Maybe the feeling behind that description is that since I started to play cello when I was five years old, the instrument could be considered to be like a natural voice for me, that when I play it, I don’t need to think about how it works. So maybe the “world surrounding me” is never as familiar as my cello is. But no, I definitely don’t see cellos everywhere I look… that would be a nightmare.

I am not obsessed with my cello. I have the very great luck to be the son of a musician, and did not have to fight to become a musician myself. I have actually always had the feeling that my career is like a monster chasing me, instead of me chasing a career. I am always surprised to be asked to play here or there, I don’t understand how I’ve got there. And I try to do my best to accomplish my duty as a musician in the best way I can, and to invite a maximum of friends to enjoy all this with me.

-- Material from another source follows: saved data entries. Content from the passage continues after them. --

definition psi_star :: "((real^'n^'n) measure \<Rightarrow> real) \<Rightarrow> (real^'n^'n \<Rightarrow> real) \<Rightarrow> real
    \<Rightarrow> (real^'n^'n \<Rightarrow> real) \<Rightarrow> real" where
  "psi_star \<psi> \<xi> \<alpha> g = (INF \<mu>\<in>P_up \<xi> \<alpha>. integral\<^sup>L \<mu> g - \<psi> \<mu>)"

end

theory Submission
  imports Defs
begin

(* On symmetric matrices the gradient of xi_alpha is grad xi(x) + 2 alpha x and
   theta_alpha(x) = theta_0(x) + alpha |x|^2, so on the unit ball both move by O(|alpha - beta|)
   when alpha changes. As chi is 1-Lipschitz, every term of the supremum defining
   S~^alpha_t chi(0) moves by at most 3 t |alpha - beta|. For psi^alpha_* the measures of
   P^up_{xi_alpha} are parametrised by the same paths q for every alpha; coupling
   grad xi_alpha(q(U)) with grad xi_beta(q(U)) shows that both int chi d mu and, by its
   W1-Lipschitz continuity, psi(mu) move by at most 2 |alpha - beta|. Suprema and infima of
   uniformly close families are equally close, which gives the Lipschitz constant 3 t + 4;
   compactness of the unit ball keeps all these suprema and infima finite. *)

lemma cSUP_abs_diff_le:
  fixes f h :: "'a \<Rightarrow> real"
  assumes A: "A \<noteq> {}" and f_bdd: "bdd_above (f ` A)"
    and close: "\<And>x. x \<in> A \<Longrightarrow> \<bar>f x - h x\<bar> \<le> c"
  shows "\<bar>(SUP x\<in>A. f x) - (SUP x\<in>A. h x)\<bar> \<le> c"
proof -
  obtain B where B: "\<And>x. x \<in> A \<Longrightarrow> f x \<le> B"
    using f_bdd by (auto simp: bdd_above_def)
  have h_bdd: "bdd_above (h ` A)"
    by (rule bdd_aboveI2[where M = "B + c"]) (use B close in force)
  have "f x \<le> (SUP x\<in>A. h x) + c" if "x \<in> A" for x
    using close[OF that] cSUP_upper[OF that h_bdd] by linarith
  then have "(SUP x\<in>A. f x) \<le> (SUP x\<in>A. h x) + c"
    by (rule cSUP_least[OF A])
  moreover have "h x \<le> (SUP x\<in>A. f x) + c" if "x \<in> A" for x
    using close[OF that] cSUP_upper[OF that f_bdd] by linarith
  then have "(SUP x\<in>A. h x) \<le> (SUP x\<in>A. f x) + c"
    by (rule cSUP_least[OF A])
  ultimately show ?thesis by linarith
qed

lemma cINF_abs_diff_le:
  fixes f h :: "'a \<Rightarrow> real"
  assumes "A \<noteq> {}" and "bdd_below (f ` A)"
    and "\<And>x. x \<in> A \<Longrightarrow> \<bar>f x - h x\<bar> \<le> c"
  shows "\<bar>(INF x\<in>A. f x) - (INF x\<in>A. h x)\<bar> \<le> c"
proof -
  have "\<bar>(SUP x\<in>A. - f x) - (SUP x\<in>A. - h x)\<bar> \<le> c"
    using assms by (intro cSUP_abs_diff_le) (auto simp: bdd_above_uminus_image abs_minus_commute)
  then show ?thesis
    unfolding Inf_real_def image_image by linarith
qed

lemma (in prob_space) abs_integral_diff_le:
  fixes f h :: "'a \<Rightarrow> real"
  assumes f: "integrable M f" and h: "integrable M h"
    and close: "\<And>u. u \<in> space M \<Longrightarrow> \<bar>f u - h u\<bar> \<le> c"
  shows "\<bar>integral\<^sup>L M f - integral\<^sup>L M h\<bar> \<le> c"
proof -
  have "\<bar>integral\<^sup>L M f - integral\<^sup>L M h\<bar> = \<bar>\<integral>u. f u - h u \<partial>M\<bar>"
    using f h by simp
  also have "\<dots> \<le> (\<integral>u. \<bar>f u - h u\<bar> \<partial>M)"
    by (rule integral_abs_bound)
  also have "\<dots> \<le> c"
    using f h close by (intro integral_le_const AE_I2) auto
  finally show ?thesis .
qed

lemma psd_symmetric: "A \<in> psd \<Longrightarrow> transpose A = A"
  by (simp add: psd_def)

lemma psd_zero: "0 \<in> psd"
  by (simp add: psd_def vec_eq_iff transpose_def)

lemma psd_add: "A \<in> psd \<Longrightarrow> B \<in> psd \<Longrightarrow> A + B \<in> psd"
  by (auto simp: psd_def vec_eq_iff transpose_def matrix_vector_mult_add_rdistrib inner_add_right)

lemma psd_scaleR: "A \<in> psd \<Longrightarrow> c \<ge> 0 \<Longrightarrow> c *\<^sub>R A \<in> psd"
  by (auto simp: psd_def transpose_scalar scaleR_matrix_vector_assoc[symmetric])

lemma zero_in_cball_Int_psd: "0 \<in> cball 0 1 \<inter> psd"
  by (simp add: psd_zero)

lemma closed_psd: "closed psd"
proof -
  have psd_eq: "psd = {A. \<forall>i j. A $ i $ j = A $ j $ i} \<inter> {A. \<forall>v. 0 \<le> v \<bullet> (A *v v)}"
    by (auto simp: psd_def vec_eq_iff transpose_def)
  have "linear (\<lambda>A. v \<bullet> (A *v v))" for v :: "real^'n"
    by (rule linearI)
      (simp_all add: matrix_vector_mult_add_rdistrib inner_add_right scaleR_matrix_vector_assoc[symmetric])
  then have quadratic_form: "continuous_on UNIV (\<lambda>A. v \<bullet> (A *v v))" for v :: "real^'n"
    by (metis linear_continuous_on linear_conv_bounded_linear)
  show ?thesis
    unfolding psd_eq by (intro closed_Int closed_Collect_all closed_Collect_eq closed_Collect_le
        continuous_on_const quadratic_form continuous_intros)
qed

lemma sets_unifU [simp]: "sets unifU = sets borel"
  by (simp add: unifU_def)

lemma space_unifU [simp]: "space unifU = UNIV"
  by (simp add: unifU_def)

lemma measurable_unifU_eq: "measurable unifU N = measurable borel N"
  by (rule measurable_cong_sets) simp_all

lemma prob_space_unifU: "prob_space unifU"
  unfolding unifU_def by (rule prob_space_uniform_measure) auto

lemma AE_unifU: "AE u in unifU. u \<in> {0..<1}"
  unfolding unifU_def by (subst AE_uniform_measure) auto

lemma W1_distr_le:
  fixes F G :: "'a \<Rightarrow> real^'n^'n"
  assumes "prob_space M" and F: "F \<in> M \<rightarrow>\<^sub>M borel" and G: "G \<in> M \<rightarrow>\<^sub>M borel"
    and close: "\<And>u. u \<in> space M \<Longrightarrow> norm (F u - G u) \<le> c"
  shows "W1 (distr M borel F) (distr M borel G) \<le> ennreal c"
proof -
  interpret prob_space M by fact
  have FG: "(\<lambda>u. (F u, G u)) \<in> M \<rightarrow>\<^sub>M borel \<Otimes>\<^sub>M borel"
    using F G by (rule measurable_Pair)
  define \<pi> where "\<pi> = distr M (borel \<Otimes>\<^sub>M borel) (\<lambda>u. (F u, G u))"
  have "prob_space \<pi>"
    unfolding \<pi>_def using FG by (rule prob_space_distr)
  moreover have "distr \<pi> borel fst = distr M borel F" "distr \<pi> borel snd = distr M borel G"
    unfolding \<pi>_def using FG by (simp_all add: distr_distr comp_def)
  ultimately have "W1 (distr M borel F) (distr M borel G)
      \<le> (\<integral>\<^sup>+ z. ennreal (norm (fst z - snd z)) \<partial>\<pi>)"
    unfolding W1_def by (intro INF_lower) (simp add: \<pi>_def)
  also have "\<dots> = (\<integral>\<^sup>+ u. ennreal (norm (F u - G u)) \<partial>M)"
    unfolding \<pi>_def using FG by (subst nn_integral_distr) (simp_all add: borel_prod[symmetric])
  also have "\<dots> \<le> (\<integral>\<^sup>+ u. ennreal c \<partial>M)"
    using close by (intro nn_integral_mono) (simp add: ennreal_leI)
  also have "\<dots> = ennreal c"
    by (simp add: emeasure_space_1)
  finally show ?thesis .
qed

lemma full_grad_xi_a:
  assumes "\<xi> differentiable at x"
  shows "full_grad (xi_a \<xi> \<alpha>) x = full_grad \<xi> x + (2 * \<alpha>) *\<^sub>R x"
proof -
  obtain D where D: "(\<xi> has_derivative D) (at x)"
    using assms by (auto simp: differentiable_def)
  have "(xi_a \<xi> \<alpha> has_derivative (\<lambda>h. D h + \<alpha> * (x \<bullet> h + h \<bullet> x))) (at x)"
    unfolding xi_a_def[abs_def] power2_norm_eq_inner
    by (intro has_derivative_add D has_derivative_mult_right has_derivative_inner has_derivative_ident)
  then show ?thesis
    using D by (simp add: full_grad_def vec_eq_iff inner_axis inner_axis' frechet_derivative_at[symmetric])
qed

lemma sgrad_xi_a:
  assumes "\<xi> differentiable at x"
  shows "sgrad (xi_a \<xi> \<alpha>) x = sgrad \<xi> x + \<alpha> *\<^sub>R (x + transpose x)"
  using full_grad_xi_a[OF assms, of \<alpha>]
  by (simp add: sgrad_def vec_eq_iff transpose_def distrib_left)

lemma sgrad_xi_a_symmetric:
  assumes "\<xi> differentiable at x" and "transpose x = x"
  shows "sgrad (xi_a \<xi> \<alpha>) x = sgrad \<xi> x + (2 * \<alpha>) *\<^sub>R x"
  using assms by (simp add: sgrad_xi_a flip: scaleR_2)

lemma theta_a_eq:
  assumes "\<xi> differentiable at x" and "transpose x = x"
  shows "theta_a \<xi> \<alpha> x = x \<bullet> sgrad \<xi> x - \<xi> x + \<alpha> * (norm x)\<^sup>2"
  using assms by (simp add: theta_a_def sgrad_xi_a_symmetric xi_a_def inner_add_right power2_norm_eq_inner)

lemma Lip0_abs_diff_le:
  "g \<in> Lip0 \<Longrightarrow> x \<in> psd \<Longrightarrow> y \<in> psd \<Longrightarrow> \<bar>g x - g y\<bar> \<le> norm (x - y)"
  using lipschitz_onD[of 1 psd g x y] by (auto simp: Lip0_def dist_real_def dist_norm)

lemma Lip0_abs_le: "g \<in> Lip0 \<Longrightarrow> x \<in> psd \<Longrightarrow> \<bar>g x\<bar> \<le> norm x"
  using Lip0_abs_diff_le[of g x 0] psd_zero by (simp add: Lip0_def)

lemma continuous_on_Lip0: "g \<in> Lip0 \<Longrightarrow> continuous_on psd g"
  by (auto simp: Lip0_def intro: lipschitz_on_continuous_on)

lemma borel_measurable_Lip0:
  assumes "g \<in> Lip0"
  shows "g \<in> borel_measurable borel"
proof -
  have "g = (\<lambda>x. if x \<in> psd then g x else 0)"
    using assms by (auto simp: Lip0_def)
  also have "\<dots> \<in> borel_measurable borel"
    using assms closed_psd
    by (intro borel_measurable_continuous_on_if continuous_on_Lip0 continuous_on_const borel_closed)
  finally show ?thesis .
qed

lemma zero_in_Lip0: "(\<lambda>x. 0) \<in> Lip0"
  by (simp add: Lip0_def lipschitz_on_def)

definition unit_mono_paths :: "(real \<Rightarrow> real^'n^'n) set" where
  "unit_mono_paths = {q \<in> mono_paths. \<forall>u. norm (q u) \<le> 1}"

lemma mono_paths_psd: "q \<in> mono_paths \<Longrightarrow> q u \<in> psd"
  by (cases "u \<in> {0..<1}") (auto simp: mono_paths_def psd_zero)

lemma unit_mono_paths_psd: "q \<in> unit_mono_paths \<Longrightarrow> q u \<in> psd"
  by (simp add: unit_mono_paths_def mono_paths_psd)

lemma unit_mono_paths_norm_le: "q \<in> unit_mono_paths \<Longrightarrow> norm (q u) \<le> 1"
  by (simp add: unit_mono_paths_def)

lemma zero_in_unit_mono_paths: "(\<lambda>u. 0) \<in> unit_mono_paths"
  by (auto simp: unit_mono_paths_def mono_paths_def psd_zero loewner_le_def)

lemma mono_paths_comp:
  assumes q: "q \<in> mono_paths" and f_cont: "continuous_on UNIV f"
    and f_psd: "\<And>x. x \<in> psd \<Longrightarrow> f x \<in> psd"
    and f_mono: "\<And>x y. x \<in> psd \<Longrightarrow> y \<in> psd \<Longrightarrow> loewner_le x y \<Longrightarrow> loewner_le (f x) (f y)"
  shows "(\<lambda>u. if u \<in> {0..<1} then f (q u) else 0) \<in> mono_paths" (is "?p \<in> _")
proof -
  have q_meas: "q \<in> borel_measurable borel"
    and q_mono: "\<And>u v. 0 \<le> u \<Longrightarrow> u \<le> v \<Longrightarrow> v < 1 \<Longrightarrow> loewner_le (q u) (q v)"
    and q_cont: "\<And>u. u \<in> {0..<1} \<Longrightarrow> continuous (at_right u) q"
    using q by (simp_all add: mono_paths_def)
  have "?p \<in> borel_measurable borel"
    by (intro measurable_If_set borel_measurable_continuous_on[OF f_cont q_meas] measurable_const)
      simp_all
  moreover have "continuous (at_right u) ?p" if u: "u \<in> {0..<1}" for u
  proof -
    have "isCont f (q u)"
      using f_cont by (simp add: continuous_on_eq_continuous_at)
    then have "continuous (at_right u) (\<lambda>v. f (q v))"
      using q_cont[OF u] by (rule continuous_within_compose3)
    moreover have "\<forall>\<^sub>F v in at_right u. f (q v) = ?p v"
      using eventually_at_right_real[of u 1] u by (auto elim: eventually_mono)
    ultimately show ?thesis
      using u by (simp add: continuous_within Lim_transform_eventually)
  qed
  moreover have "loewner_le (?p u) (?p v)" if "0 \<le> u" "u \<le> v" "v < 1" for u v
    using that q_mono f_mono mono_paths_psd[OF q] by simp
  moreover have "f (q u) \<in> psd" for u
    using f_psd mono_paths_psd[OF q] by simp
  ultimately show ?thesis
    unfolding mono_paths_def by simp
qed

locale monotone_potential =
  fixes \<xi> :: "real^'n^'n \<Rightarrow> real"
  assumes differentiable: "\<forall>x. \<xi> differentiable at x"
    and continuous_full_grad: "continuous_on UNIV (full_grad \<xi>)"
    and sgrad_psd: "\<forall>x\<in>psd. sgrad \<xi> x \<in> psd"
    and sgrad_mono: "\<forall>x\<in>psd. \<forall>y\<in>psd. loewner_le x y \<longrightarrow> loewner_le (sgrad \<xi> x) (sgrad \<xi> y)"
begin

definition grad_a :: "real \<Rightarrow> real^'n^'n \<Rightarrow> real^'n^'n" where
  "grad_a \<alpha> x = sgrad \<xi> x + (2 * \<alpha>) *\<^sub>R x"

definition grad_law :: "real \<Rightarrow> (real \<Rightarrow> real^'n^'n) \<Rightarrow> (real^'n^'n) measure" where
  "grad_law \<alpha> q = distr unifU borel (\<lambda>u. grad_a \<alpha> (q u))"

lemma sgrad_xi_a_psd: "x \<in> psd \<Longrightarrow> sgrad (xi_a \<xi> \<alpha>) x = grad_a \<alpha> x"
  using differentiable by (simp add: grad_a_def sgrad_xi_a_symmetric psd_symmetric)

lemma theta_a_psd: "x \<in> psd \<Longrightarrow> theta_a \<xi> \<alpha> x = x \<bullet> sgrad \<xi> x - \<xi> x + \<alpha> * (norm x)\<^sup>2"
  using differentiable by (simp add: theta_a_eq psd_symmetric)

lemma continuous_on_xi: "continuous_on UNIV \<xi>"
  using differentiable by (simp add: continuous_at_imp_continuous_on differentiable_imp_continuous_within)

How does one become a cellist?

I guess there are as many ways as there are cellists. First, how does one start to play cello? That is a weird choice for a kid. Piano, singing, drums, guitar are so obvious, so everywhere, so easy to get access to… I myself was “playing” some guitar, as my father is a guitarist, before I was five. At five I went to see a concert with a string quartet, came back home, positioned my tiny guitar vertically and started scratching it with a wooden stick… that was my start. Then there were years of struggling to manage school time, music school time and home practicing, when friends were outside, playing football or later on drinking coffee and beers…

And the orchestra, where I started to feel how competitive this world was. I decided soon that I didn’t want that, and I quit music school when I was 16. I had more interest in coffee, cigarettes and other pleasures, I guess.
I didn’t touch my cello for six years. And felt bad about it.
I have no idea how I became a musician after that.
I remember I tried again, after all those years with no playing, I remember I’d lost it all, couldn’t get a nice sound out of it. I cried. And tried again and again, reading scores that I had no memories of. And at one point, I played one of those scores, a study, it was like my hands knew precisely how to play it, while my brain had no idea of what was happening.

From there I found my sound again. But added a lot of fragility and curiosity to it. I think my father invited me to play with him and an actress in a very simple programme (he was so happy to hear I had gone back to my cello!) and I improvised something. After that I was asked to play here and there, more and more, and now I am a cellist… I have to say a little word about all my teachers. I’ve had so many great teachers, and learned everything I use today from them, and everything I decided to go against (which would not have been possible without first learning it).

Another quote from your biography calls you “a surveyor. A geographer. Even, why not, a cartographer: a drawer of lines and tracery.” What lines and traces do you explore?

As I said earlier, I love to cross boundaries that are not usually crossed (particularly in France, where everything is very partitioned). So, I don’t see myself as a traveller, or even a musical explorer, as some around me really are. What I understand in this second quote from my biography – which I didn’t write – is that I kind of create territories by connecting fields that are usually unconnected.

For instance, I have this “One-night stand” project. It is very simple: I invite a dozen musicians that I choose for a one-shot show, with no more than two days of preparation. I ask each of them to come up with a proposal of something to be played by the rest of the ephemeral group and so we go through 12 musical universes with the same musicians involved.
The last one was in Paris, and I simply invited my favourite musicians to join. None of them knew any of the others! So yes, in this sense I may produce lines. On the other hand, I think I also tend to provoke collisions (instead of fusions; I don’t like this word when it is about culture) with the intention of seeing a third dimension appear from the encounter of the two first dimensions.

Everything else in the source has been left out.